**WHAT THIS TASK INVOLVES:** Your task is to copy the stretch of lines in the records below that begins with the line containing "q (2 *\<^sub>R" and ends with the line containing "q) (2 *\<^sub>R", exactly as written, with nothing added.

**MATERIAL FOR THE TASK:**

definition open_halfplanes :: "point \<Rightarrow> point \<Rightarrow> point set set" where
  "open_halfplanes u v = {{p. orient u v p > 0}, {p. orient u v p < 0}}"

definition hull_edge :: "point set \<Rightarrow> point \<Rightarrow> point \<Rightarrow> bool" where
  "hull_edge B u v \<longleftrightarrow> u \<in> B \<and> v \<in> B \<and> u \<noteq> v \<and> closed_segment u v face_of convex hull B"

end

theory Submission
  imports Defs
begin

text \<open>Since CH(B) lies in the red triangle and S is in general position, every blue point
lies strictly inside the triangle r1 r2 r3, labelled counterclockwise. If a blue segment uv has
r1 and r2 strictly on one side and all of B on the other, then r3 lies on the blue side too,
and r1 r2 u v is an empty convex quadrilateral: r1 and r2 are vertices of the triangle, and every
other point of S lies beyond the line uv. Conversely, let s1 and s2 be the blue points touched
by the tangents from r1 and from r2 to CH(B) on the side facing the segment r1 r2. If s1 = s2,
this point lies inside every triangle r1 r2 w with w blue, so no quadrilateral r1 r2 u v is empty.
If s1 and s2 differ, the edge of CH(B) at s1 on the side of s2 separates r1 and r2 from B and r3.\<close>

lemma orient_cyclic: "orient a b c = orient b c a"
  by (simp add: orient_def algebra_simps)

lemma orient_swap: "orient b a c = - orient a b c"
  by (simp add: orient_def algebra_simps)

lemma orient_swap_right: "orient a c b = - orient a b c"
  by (simp add: orient_def algebra_simps)

lemma orient_degenerate [simp]: "orient a b a = 0" "orient a b b = 0" "orient a a b = 0"
  by (simp_all add: orient_def)

lemma orient_reflect: "orient p q (2 *\<^sub>R p - z) = - orient p q z"
  by (simp add: orient_def algebra_simps)

lemma orient_reflect_middle: "orient p (2 *\<^sub>R p - q) z = - orient p q z"
  by (simp add: orient_def algebra_simps)

lemma orient_point_reflection: "orient p (2 *\<^sub>R p - q) (2 *\<^sub>R p - z) = orient p q z"
  by (simp add: orient_def algebra_simps)

definition orient_normal :: "point \<Rightarrow> point \<Rightarrow> point" where
  "orient_normal a b = (snd a - snd b, fst b - fst a)"

lemma orient_eq_inner: "orient a b p = orient_normal a b \<bullet> p + orient a b 0"
  by (cases p) (simp add: orient_def orient_normal_def algebra_simps)

lemma orient_normal_eq_0_iff [simp]: "orient_normal a b = 0 \<longleftrightarrow> a = b"
  by (auto simp: orient_normal_def prod_eq_iff)

lemma orient_convex_comb3:
  assumes "u + v + w = 1"
  shows "orient a b (u *\<^sub>R x + v *\<^sub>R y + w *\<^sub>R z)
           = u * orient a b x + v * orient a b y + w * orient a b z"
proof -
  have w: "w = 1 - u - v" using assms by simp
  show ?thesis unfolding w by (simp add: orient_def algebra_simps)
qed

lemma collinear_if_orient_zero:
  assumes "orient a b c = 0"
  shows "collinear {a, b, c}"
proof (cases "a = c")
  case True
  then show ?thesis by (simp add: collinear_2 insert_commute)
next
  case False
  define d where "d = c - a"
  define t where "t = inner (b - a) d / inner d d"
  have "inner d d \<noteq> 0" using False by (simp add: d_def)
  moreover have "inner d d *\<^sub>R (b - a) = inner (b - a) d *\<^sub>R d"
    using assms unfolding prod_eq_iff d_def by (simp add: orient_def inner_prod_def; algebra)
  ultimately have "b - a = t *\<^sub>R (c - a)"
    unfolding t_def d_def eq_vector_fraction_iff by simp
  then have "b = (1 - t) *\<^sub>R a + t *\<^sub>R c"
    by (simp add: algebra_simps)
  then show ?thesis
    by (auto simp: collinear_3_expand intro: exI[of _ "1 - t"])
qed

lemma orient_nonzero_if_general_position:
  assumes "general_position S" "x \<in> S" "y \<in> S" "z \<in> S" "x \<noteq> y" "x \<noteq> z" "y \<noteq> z"
  shows "orient x y z \<noteq> 0"
  using assms collinear_if_orient_zero unfolding general_position_def by blast

lemma orient_pluecker:
  "orient p x z * orient p e y = orient p x y * orient p e z + orient p y z * orient p e x"
  unfolding orient_def by algebra

lemma angular_order_trans:
  assumes "0 < orient p e x" "0 < orient p e y" "0 < orient p e z"
    and "0 < orient p x y" "0 < orient p y z"
  shows "0 < orient p x z"
proof -
  have "0 < orient p x y * orient p e z + orient p y z * orient p e x"
    using assms by (simp add: add_pos_pos)
  then have "0 < orient p x z * orient p e y"
    by (simp only: orient_pluecker[of p x z e y])
  then show ?thesis
    using assms(2) by (simp add: zero_less_mult_iff)
qed

lemma finite_trans_total_has_least:
  assumes "finite A" "A \<noteq> {}"
    and "\<And>x y z. x \<in> A \<Longrightarrow> y \<in> A \<Longrightarrow> z \<in> A \<Longrightarrow> r x y \<Longrightarrow> r y z \<Longrightarrow> r x z"
    and "\<And>x y. x \<in> A \<Longrightarrow> y \<in> A \<Longrightarrow> x \<noteq> y \<Longrightarrow> r x y \<or> r y x"
  shows "\<exists>m\<in>A. \<forall>y\<in>A - {m}. r m y"
  using assms
proof (induction A rule: finite_ne_induct)
  case (singleton x)
  then show ?case by simp
next
  case (insert x F)
  have "\<exists>m\<in>F. \<forall>y\<in>F - {m}. r m y"
    by (rule insert.IH) (use insert.prems in blast)+
  then obtain m where m: "m \<in> F" "\<forall>y\<in>F - {m}. r m y" by blast
  show ?case
  proof (cases "r x m")
    case True
    have "r x y" if "y \<in> F - {m}" for y
      using insert.prems(1)[of x m y] True m that by blast
    then have "\<forall>y\<in>insert x F - {x}. r x y" using True by blast
    then show ?thesis by blast
  next
    case False
    then have "r m x" using insert.prems(2)[of x m] m(1) insert.hyps by blast
    then show ?thesis using m by blast
  qed
qed

lemma angular_least:
  assumes "finite A" "A \<noteq> {}" "\<forall>x\<in>A. 0 < orient p e x"
    and "\<forall>x\<in>A. \<forall>y\<in>A. x \<noteq> y \<longrightarrow> orient p x y \<noteq> 0"
  obtains m where "m \<in> A" "\<forall>y\<in>A - {m}. 0 < orient p m y"
proof -
  have "\<exists>m\<in>A. \<forall>y\<in>A - {m}. 0 < orient p m y"
  proof (rule finite_trans_total_has_least[OF assms(1,2)])
    show "0 < orient p x z"
      if "x \<in> A" "y \<in> A" "z \<in> A" "0 < orient p x y" "0 < orient p y z" for x y z
      using angular_order_trans[of p e x y z] assms(3) that by blast
    show "0 < orient p x y \<or> 0 < orient p y x" if "x \<in> A" "y \<in> A" "x \<noteq> y" for x y
      using assms(4) that orient_swap_right[of p x y] by fastforce
  qed
  then show ?thesis using that by blast
qed

lemma angular_greatest:
  assumes "finite A" "A \<noteq> {}" "\<forall>x\<in>A. 0 < orient p e x"
    and "\<forall>x\<in>A. \<forall>y\<in>A. x \<noteq> y \<longrightarrow> orient p x y \<noteq> 0"
  obtains m where "m \<in> A" "\<forall>y\<in>A - {m}. 0 < orient p y m"
proof -
  have "\<exists>m\<in>A. \<forall>y\<in>A - {m}. 0 < orient p y m"
  proof (rule finite_trans_total_has_least[OF assms(1,2), where r = "\<lambda>x y. 0 < orient p y x"])
    show "0 < orient p z x"
      if "x \<in> A" "y \<in> A" "z \<in> A" "0 < orient p y x" "0 < orient p z y" for x y z
      using angular_order_trans[of p e z y x] assms(3) that by blast
    show "0 < orient p y x \<or> 0 < orient p x y" if "x \<in> A" "y \<in> A" "x \<noteq> y" for x y
      using assms(4) that orient_swap_right[of p x y] by fastforce
  qed
  then show ?thesis using that by blast
qed

lemma convex_orient_gt: "convex {p. c < orient a b p}"
  using convex_halfspace_gt[of "c - orient a b 0" "orient_normal a b"]
  by (subst orient_eq_inner) (simp add: algebra_simps)

lemma convex_orient_lt: "convex {p. orient a b p < c}"
  using convex_halfspace_lt[of "orient_normal a b" "c - orient a b 0"]
  by (subst orient_eq_inner) (simp add: algebra_simps)

lemma convex_orient_ge: "convex {p. c \<le> orient a b p}"
  using convex_halfspace_ge[of "c - orient a b 0" "orient_normal a b"]
  by (subst orient_eq_inner) (simp add: algebra_simps)

lemma affine_orient_eq: "affine {p. orient a b p = c}"
  using affine_hyperplane[of "orient_normal a b" "c - orient a b 0"]
  by (subst orient_eq_inner) (simp add: algebra_simps)

lemma open_orient_gt: "open {p. c < orient a b p}"
  using open_halfspace_gt[of "c - orient a b 0" "orient_normal a b"]
  by (subst orient_eq_inner) (simp add: algebra_simps)

lemma interior_orient_ge:
  assumes "a \<noteq> b"
  shows "interior {p. c \<le> orient a b p} = {p. c < orient a b p}"
proof -
  have "{p. c \<le> orient a b p} = {p. c - orient a b 0 \<le> orient_normal a b \<bullet> p}"
       "{p. c < orient a b p} = {p. c - orient a b 0 < orient_normal a b \<bullet> p}"
    by (subst orient_eq_inner; force)+
  then show ?thesis using assms by simp
qed

lemma orient_nonneg_if_in_triangle:
  assumes "p \<in> convex hull {a, b, c}" "0 < orient a b c"
  shows "0 \<le> orient a b p"
proof -
  obtain u v w where "0 \<le> w" "u + v + w = 1" "p = u *\<^sub>R a + v *\<^sub>R b + w *\<^sub>R c"
    using assms(1) unfolding convex_hull_3 by blast
  then have "orient a b p = w * orient a b c" by (simp add: orient_convex_comb3)
  then show ?thesis using \<open>0 \<le> w\<close> assms(2) by simp
qed

lemma in_triangle_if_orient_nonneg:
  assumes "0 < orient a b c"
    and "0 \<le> orient a b p" "0 \<le> orient b c p" "0 \<le> orient c a p"
  shows "p \<in> convex hull {a, b, c}"
proof -
  define D where "D = orient a b c"
  have sum: "orient b c p / D + orient c a p / D + orient a b p / D = 1"
    using assms(1) unfolding D_def add_divide_distrib[symmetric] by (simp add: orient_def; algebra)
  have Dp: "D *\<^sub>R p = orient b c p *\<^sub>R a + orient c a p *\<^sub>R b + orient a b p *\<^sub>R c"
    unfolding D_def orient_def prod_eq_iff by (simp; algebra)
  have "p = inverse D *\<^sub>R (D *\<^sub>R p)"
    using assms(1) by (simp add: D_def)
  also have "\<dots> = (orient b c p / D) *\<^sub>R a + (orient c a p / D) *\<^sub>R b + (orient a b p / D) *\<^sub>R c"
    unfolding Dp by (simp add: scaleR_add_right divide_inverse_commute)
  finally have "p = (orient b c p / D) *\<^sub>R a + (orient c a p / D) *\<^sub>R b + (orient a b p / D) *\<^sub>R c" .
  then show ?thesis
    unfolding convex_hull_3 using sum assms unfolding D_def by fastforce
qed

lemma open_triangle_subset_interior:
  assumes "0 < orient a b c"
  shows "{p. 0 < orient a b p \<and> 0 < orient b c p \<and> 0 < orient c a p}
           \<subseteq> interior (convex hull {a, b, c})"
proof (rule interior_maximal)
  show "{p. 0 < orient a b p \<and> 0 < orient b c p \<and> 0 < orient c a p} \<subseteq> convex hull {a, b, c}"
    using in_triangle_if_orient_nonneg[OF assms] by (auto simp: less_imp_le)
  have "{p. 0 < orient a b p \<and> 0 < orient b c p \<and> 0 < orient c a p}
          = {p. 0 < orient a b p} \<inter> {p. 0 < orient b c p} \<inter> {p. 0 < orient c a p}"
    by blast
  then show "open {p. 0 < orient a b p \<and> 0 < orient b c p \<and> 0 < orient c a p}"
    by (simp add: open_Int open_orient_gt)
qed

lemma triangle_meets_line_at_vertex:
  assumes "p \<in> convex hull {x, y, z}" "orient a b p = 0" "orient a b z = 0"
    and "0 < orient a b x" "0 < orient a b y"
  shows "p = z"
proof -
  obtain u v w where uvw: "0 \<le> u" "0 \<le> v" "u + v + w = 1" "p = u *\<^sub>R x + v *\<^sub>R y + w *\<^sub>R z"
    using assms(1) unfolding convex_hull_3 by blast
  then have "u * orient a b x + v * orient a b y = 0"
    using assms(2,3) by (simp add: orient_convex_comb3)
  then have "u = 0" "v = 0"
    using uvw(1,2) assms(4,5) by (smt (verit) mult_pos_pos mult_nonneg_nonneg)+
  then show ?thesis using uvw by simp
qed

lemma segment_face_of_convex_hull:
  assumes "finite B" "a \<in> B" "b \<in> B" "\<forall>z\<in>B - {a, b}. orient a b z < 0"
  shows "closed_segment a b face_of convex hull B"
proof -
  have "affine hull {a, b} \<subseteq> {p. orient a b p = 0}"
    by (rule hull_minimal) (auto simp: affine_orient_eq)
  moreover have "convex hull (B - {a, b}) \<subseteq> {p. orient a b p < 0}"
    by (rule hull_minimal) (use assms(4) convex_orient_lt in auto)
  ultimately have "affine hull {a, b} \<inter> convex hull (B - {a, b}) = {}"
    by force
  then show ?thesis
    unfolding segment_convex_hull using assms(1-3) by (intro face_of_convex_hulls) auto
qed

lemma extreme_point_of_subset:
  "x extreme_point_of T \<Longrightarrow> x \<in> S \<Longrightarrow> S \<subseteq> T \<Longrightarrow> x extreme_point_of S"
  unfolding extreme_point_of_def by blast

lemma extreme_point_notin_convex_hull_Diff:
  assumes "x extreme_point_of convex hull S"
  shows "x \<notin> convex hull (S - {x})"
proof
  assume "x \<in> convex hull (S - {x})"
  moreover have "convex hull (S - {x}) \<subseteq> convex hull S" by (simp add: hull_mono)
  ultimately have "x extreme_point_of convex hull (S - {x})"
    using assms extreme_point_of_subset by blast
  then show False using extreme_point_of_convex_hull by blast
qed

text \<open>Both directions of the theorem are symmetric in the two red points playing the roles of
r1 and r2, so the counterclockwise labelling is no loss of generality.\<close>

locale ccw_red_triangle =
  fixes r1 r2 r3 :: point and B :: "point set"
  assumes finite_B: "finite B"
    and red_notin_B: "{r1, r2, r3} \<inter> B = {}"
    and general_position: "general_position ({r1, r2, r3} \<union> B)"
    and B_in_triangle: "B \<subseteq> convex hull {r1, r2, r3}"
    and ccw: "0 < orient r1 r2 r3"
begin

**THE COMPLETED TASK:**
lemma orient_reflect: "orient p q (2 *\<^sub>R p - z) = - orient p q z"
  by (simp add: orient_def algebra_simps)

lemma orient_reflect_middle: "orient p (2 *\<^sub>R p - q) z = - orient p q z"
  by (simp add: orient_def algebra_simps)

lemma orient_point_reflection: "orient p (2 *\<^sub>R p - q) (2 *\<^sub>R p - z) = orient p q z"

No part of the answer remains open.